Time complexity of the `buildTree` function is O(n^2) in the worst-case scenario, where n is the number of elements in the inorder and postorder traversals. This happens when the input binary tree is skewed, and each node has only one child. In such a case, the `inorder.index` method takes O(n) time to find the index of the root node, and this operation is performed for each node of the tree. The `pop` method also takes O(1) time. Therefore, the overall time complexity is O(n^2).

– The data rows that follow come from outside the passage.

(* Let $\mathcal A$ be finite, $r,\hat r:\mathcal A\to[0,1]$, $\eta>0$, and $\pi^{\mathrm{ref}}\in\Delta(\mathcal A)$ with $\pi^{\mathrm{ref}}(a)>0$ for all $a$. Suppose $\hat\pi\in\arg\max_{\pi\in\Delta(\mathcal A)}J(\pi;\hat r)$. Then there exists $\bar u\in[0,1]$ such that $$\mathrm{SubOpt}(\hat\pi)=\frac\eta2\left(\mathbb E_{a\sim\pi_{\bar u}}\Big[\frac{\pi_{\bar u}(a)}{\pi^{\mathrm{ref}}(a)}(r(a)-\hat r(a))^2\Big]-\frac{\Big(\sum_a\frac{\pi_{\bar u}(a)^2}{\pi^{\mathrm{ref}}(a)}(r(a)-\hat r(a))\Big)^2}{\sum_a\frac{\pi_{\bar u}(a)^2}{\pi^{\mathrm{ref}}(a)}}\right),$$ where $\pi_{\bar u}$ is the maximizer of $J(\cdot;r_{\bar u})$ over $\Delta(\mathcal A)$ with $r_{\bar u}=(1-\bar u)r+\bar u\hat r$. In particular, $$\mathrm{SubOpt}(\hat\pi)\le\frac\eta2\,\mathbb E_{a\sim\pi_{\bar u}}\Big[\frac{\pi_{\bar u}(a)}{\pi^{\mathrm{ref}}(a)}(r(a)-\hat r(a))^2\Big].$$
   Context: For $f:\mathcal A\to\mathbb R$, $J(\pi;f)=\sum_af(a)\pi(a)-\eta^{-1}\mathrm{KL}(\pi^{\mathrm{ref}}\|\pi)$, where $\mathrm{KL}(P\|Q)=\sum_aP(a)\log(P(a)/Q(a))$. $\pi^*$ is the (unique) maximizer of $J(\cdot;r)$ over $\Delta(\mathcal A)$, and $\mathrm{SubOpt}(\pi)=J(\pi^*;r)-J(\pi;r)$. *)

theory Defs
  imports "HOL-Analysis.Analysis"
begin

definition policy_simplex :: "('a::finite \<Rightarrow> real) set" where
  "policy_simplex = {p. (\<forall>a. 0 \<le> p a) \<and> (\<Sum>a\<in>UNIV. p a) = 1}"

(* KL(P||Q) = sum_a P a log(P a / Q a), with 0 log 0 = 0 and value +infinity
   if some P a > 0 while Q a = 0. *)
definition KL :: "('a::finite \<Rightarrow> real) \<Rightarrow> ('a \<Rightarrow> real) \<Rightarrow> ereal" where
  "KL P Q = (if (\<exists>a. 0 < P a \<and> Q a = 0) then \<infinity>
             else ereal (\<Sum>a\<in>UNIV. P a * ln (P a / Q a)))"

definition J :: "real \<Rightarrow> ('a::finite \<Rightarrow> real) \<Rightarrow> ('a \<Rightarrow> real) \<Rightarrow> ('a \<Rightarrow> real) \<Rightarrow> ereal" where
  "J \<eta> \<pi>ref \<pi> f = ereal (\<Sum>a\<in>UNIV. f a * \<pi> a) - ereal (1 / \<eta>) * KL \<pi>ref \<pi>"

definition is_maximizer :: "real \<Rightarrow> ('a::finite \<Rightarrow> real) \<Rightarrow> ('a \<Rightarrow> real) \<Rightarrow> ('a \<Rightarrow> real) \<Rightarrow> bool" where
  "is_maximizer \<eta> \<pi>ref f \<pi> \<longleftrightarrow> \<pi> \<in> policy_simplex \<and> (\<forall>\<pi>'\<in>policy_simplex. J \<eta> \<pi>ref \<pi>' f \<le> J \<eta> \<pi>ref \<pi> f)"

definition opt_policy :: "real \<Rightarrow> ('a::finite \<Rightarrow> real) \<Rightarrow> ('a \<Rightarrow> real) \<Rightarrow> ('a \<Rightarrow> real)" where
  "opt_policy \<eta> \<pi>ref f = (THE \<pi>. is_maximizer \<eta> \<pi>ref f \<pi>)"

definition SubOpt :: "real \<Rightarrow> ('a::finite \<Rightarrow> real) \<Rightarrow> ('a \<Rightarrow> real) \<Rightarrow> ('a \<Rightarrow> real) \<Rightarrow> ereal" where
  "SubOpt \<eta> \<pi>ref r \<pi> = J \<eta> \<pi>ref (opt_policy \<eta> \<pi>ref r) r - J \<eta> \<pi>ref \<pi> r"

end

theory Submission
  imports Defs
begin

(*
  Since the regulariser is KL(\<pi>ref || \<pi>), stationarity of J(.; f) on the simplex gives the
  maximiser \<pi>\<^sub>f a = \<pi>ref a / (\<eta> (\<lambda> - f a)), where \<lambda> > max f is fixed by normalisation, and
  J(q; f) - J(\<pi>\<^sub>f; f) = \<eta>\<^sup>-\<^sup>1 \<Sum>\<^sub>a \<pi>ref a (ln x\<^sub>a - (x\<^sub>a - 1)) with x\<^sub>a = q a / \<pi>\<^sub>f a, which is
  negative unless q = \<pi>\<^sub>f.

  Along the path of rewards r + u d with d = rhat - r, the normaliser \<lambda>(u) and hence the
  policy \<pi>\<^sub>u are differentiable, and G(u) = J(\<pi>\<^sub>u; r) satisfies G'(u) = - u \<eta> V(u), where V(u)
  is the variance of d under the weights \<pi>\<^sub>u\<^sup>2 / \<pi>ref, scaled by their total mass. Hence
  SubOpt(\<pi>hat) = G(0) - G(1), and Cauchy's mean value theorem against u\<^sup>2 turns this into
  \<eta> V(u) / 2 for some u in (0, 1).
*)

(* Stationarity of J(.; f) - l (\<Sum>\<pi> - 1) reads f a + \<pi>ref a / (\<eta> \<pi> a) = l. *)
definition kl_policy :: "real \<Rightarrow> ('a::finite \<Rightarrow> real) \<Rightarrow> ('a \<Rightarrow> real) \<Rightarrow> real \<Rightarrow> 'a \<Rightarrow> real" where
  "kl_policy \<eta> \<pi>ref f l a = \<pi>ref a / (\<eta> * (l - f a))"

definition kl_normaliser :: "real \<Rightarrow> ('a::finite \<Rightarrow> real) \<Rightarrow> ('a \<Rightarrow> real) \<Rightarrow> real \<Rightarrow> bool" where
  "kl_normaliser \<eta> \<pi>ref f l \<longleftrightarrow> (\<forall>a. f a < l) \<and> (\<Sum>a\<in>UNIV. kl_policy \<eta> \<pi>ref f l a) = 1"

lemma kl_policy_pos:
  assumes "\<eta> > 0" "\<pi>ref a > 0" "f a < l"
  shows "kl_policy \<eta> \<pi>ref f l a > 0"
  using assms by (simp add: kl_policy_def)

lemma kl_normaliser_exists:
  fixes f \<pi>ref :: "'a::finite \<Rightarrow> real"
  assumes eta: "\<eta> > 0" and pos: "\<forall>a. \<pi>ref a > 0" and sum1: "(\<Sum>a\<in>UNIV. \<pi>ref a) = 1"
  shows "\<exists>l. kl_normaliser \<eta> \<pi>ref f l"
proof -
  define M where "M = Max (range f)"
  have "M \<in> range f"
    unfolding M_def by (rule Max_in) auto
  then obtain b where b: "f b = M" by auto
  have fM: "f a \<le> M" for a
    unfolding M_def by simp
  define h where "h l = (\<Sum>a\<in>UNIV. kl_policy \<eta> \<pi>ref f l a)" for l
  (* At lo the b-th term alone is 1; at hi each term is at most \<pi>ref a. *)
  define lo where "lo = M + \<pi>ref b / \<eta>"
  define hi where "hi = M + 1 / \<eta>"
  have "\<pi>ref b \<le> 1"
    using member_le_sum[of b UNIV \<pi>ref] pos sum1 by (simp add: less_imp_le)
  then have "lo \<le> hi"
    unfolding lo_def hi_def using eta by (simp add: divide_right_mono)
  have "M < lo"
    unfolding lo_def using pos eta by simp
  then have above: "f a < l" if "lo \<le> l" for a l
    using fM[of a] that by linarith
  have "1 \<le> h lo"
  proof -
    have "1 = kl_policy \<eta> \<pi>ref f lo b"
      unfolding kl_policy_def lo_def b using pos[rule_format, of b] eta by simp
    also have "\<dots> \<le> h lo"
      unfolding h_def using above eta pos
      by (intro member_le_sum less_imp_le kl_policy_pos) auto
    finally show ?thesis .
  qed
  moreover have "h hi \<le> 1"
  proof -
    have "kl_policy \<eta> \<pi>ref f hi a \<le> \<pi>ref a" for a
    proof -
      have "1 \<le> \<eta> * (hi - f a)"
        unfolding hi_def using fM[of a] eta by (simp add: field_simps)
      then show ?thesis
        unfolding kl_policy_def using pos[rule_format, of a] by (simp add: divide_le_eq mult_le_cancel_left1)
    qed
    then have "h hi \<le> (\<Sum>a\<in>UNIV. \<pi>ref a)"
      unfolding h_def by (intro sum_mono)
    then show ?thesis using sum1 by simp
  qed
  moreover have "isCont h l" if "lo \<le> l" for l
    unfolding h_def kl_policy_def using above[OF that] eta
    by (intro continuous_intros) auto
  ultimately obtain l where "lo \<le> l" "h l = 1"
    using IVT2[of h hi 1 lo] \<open>lo \<le> hi\<close> by auto
  then show ?thesis
    unfolding kl_normaliser_def h_def using above by blast
qed

definition J_real :: "real \<Rightarrow> ('a::finite \<Rightarrow> real) \<Rightarrow> ('a \<Rightarrow> real) \<Rightarrow> ('a \<Rightarrow> real) \<Rightarrow> real" where
  "J_real \<eta> \<pi>ref \<pi> f = (\<Sum>a\<in>UNIV. f a * \<pi> a) - 1 / \<eta> * (\<Sum>a\<in>UNIV. \<pi>ref a * ln (\<pi>ref a / \<pi> a))"

lemma J_eq_J_real:
  assumes "\<forall>a. \<pi> a > 0"
  shows "J \<eta> \<pi>ref \<pi> f = ereal (J_real \<eta> \<pi>ref \<pi> f)"
  using assms unfolding J_def KL_def J_real_def by (auto simp: less_le)

lemma J_eq_MInfty:
  assumes "\<pi> a = 0" "\<pi>ref a > 0" "\<eta> > 0"
  shows "J \<eta> \<pi>ref \<pi> f = -\<infinity>"
  using assms unfolding J_def KL_def by auto

lemma J_real_gap_kl_policy:
  fixes f \<pi>ref q :: "'a::finite \<Rightarrow> real"
  assumes eta: "\<eta> > 0" and pos: "\<forall>a. \<pi>ref a > 0" and norm: "kl_normaliser \<eta> \<pi>ref f l"
    and q_pos: "\<forall>a. q a > 0" and q_sum: "(\<Sum>a\<in>UNIV. q a) = 1"
  defines "\<pi> \<equiv> kl_policy \<eta> \<pi>ref f l"
  shows "J_real \<eta> \<pi>ref q f - J_real \<eta> \<pi>ref \<pi> f
     = 1 / \<eta> * (\<Sum>a\<in>UNIV. \<pi>ref a * (ln (q a / \<pi> a) - (q a / \<pi> a - 1)))"
proof -
  have f_below: "f a < l" for a
    using norm unfolding kl_normaliser_def by blast
  have \<pi>_pos: "\<pi> a > 0" for a
    unfolding \<pi>_def using eta pos f_below by (intro kl_policy_pos) auto
  have \<pi>_sum: "(\<Sum>a\<in>UNIV. \<pi> a) = 1"
    using norm unfolding kl_normaliser_def \<pi>_def by blast
  have f_eq: "f a = l - \<pi>ref a / (\<eta> * \<pi> a)" for a
    unfolding \<pi>_def kl_policy_def using eta pos[rule_format, of a] f_below[of a] by (simp add: field_simps)
  have "f a * q a - f a * \<pi> a = l * (q a - \<pi> a) - 1 / \<eta> * (\<pi>ref a * (q a / \<pi> a - 1))" for a
    unfolding f_eq using eta \<pi>_pos[of a] by (simp add: field_simps)
  then have "(\<Sum>a\<in>UNIV. f a * q a) - (\<Sum>a\<in>UNIV. f a * \<pi> a)
      = l * ((\<Sum>a\<in>UNIV. q a) - (\<Sum>a\<in>UNIV. \<pi> a)) - 1 / \<eta> * (\<Sum>a\<in>UNIV. \<pi>ref a * (q a / \<pi> a - 1))"
    by (simp add: sum_subtractf[symmetric] sum_distrib_left)
  then have linear_terms: "(\<Sum>a\<in>UNIV. f a * q a) - (\<Sum>a\<in>UNIV. f a * \<pi> a)
      = - (1 / \<eta> * (\<Sum>a\<in>UNIV. \<pi>ref a * (q a / \<pi> a - 1)))"
    using q_sum \<pi>_sum by simp
  have "\<pi>ref a * ln (\<pi>ref a / \<pi> a) - \<pi>ref a * ln (\<pi>ref a / q a) = \<pi>ref a * ln (q a / \<pi> a)" for a
    using pos[rule_format, of a] q_pos[rule_format, of a] \<pi>_pos[of a]
    by (simp add: ln_div right_diff_distrib)
  then have "(\<Sum>a\<in>UNIV. \<pi>ref a * ln (\<pi>ref a / \<pi> a)) - (\<Sum>a\<in>UNIV. \<pi>ref a * ln (\<pi>ref a / q a))
      = (\<Sum>a\<in>UNIV. \<pi>ref a * ln (q a / \<pi> a))"
    by (simp add: sum_subtractf[symmetric])
  then have log_terms: "1 / \<eta> * (\<Sum>a\<in>UNIV. \<pi>ref a * ln (\<pi>ref a / \<pi> a))
      - 1 / \<eta> * (\<Sum>a\<in>UNIV. \<pi>ref a * ln (\<pi>ref a / q a))
      = 1 / \<eta> * (\<Sum>a\<in>UNIV. \<pi>ref a * ln (q a / \<pi> a))"
    by (simp only: right_diff_distrib[symmetric])
  have "(\<Sum>a\<in>UNIV. \<pi>ref a * (ln (q a / \<pi> a) - (q a / \<pi> a - 1)))
      = (\<Sum>a\<in>UNIV. \<pi>ref a * ln (q a / \<pi> a)) - (\<Sum>a\<in>UNIV. \<pi>ref a * (q a / \<pi> a - 1))"
    by (simp add: right_diff_distrib sum_subtractf)
  then show ?thesis
    unfolding J_real_def using linear_terms log_terms by (simp only: right_diff_distrib[of "1 / \<eta>"])
qed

However, in the best-case scenario, the binary tree is balanced, and each node has two children. In this case, the `inorder.index` method is only called once for each node, and the `pop` method is called exactly n times. Therefore, the time complexity is O(n).

SPACE:-

Space complexity of the `buildTree` function is O(n) in the worst-case scenario. This happens when the input binary tree is skewed, and the recursive function calls accumulate on the call stack. In the best-case scenario, the binary tree is balanced, and the height of the call stack is logarithmic to the number of elements in the tree, resulting in a space complexity of O(log n).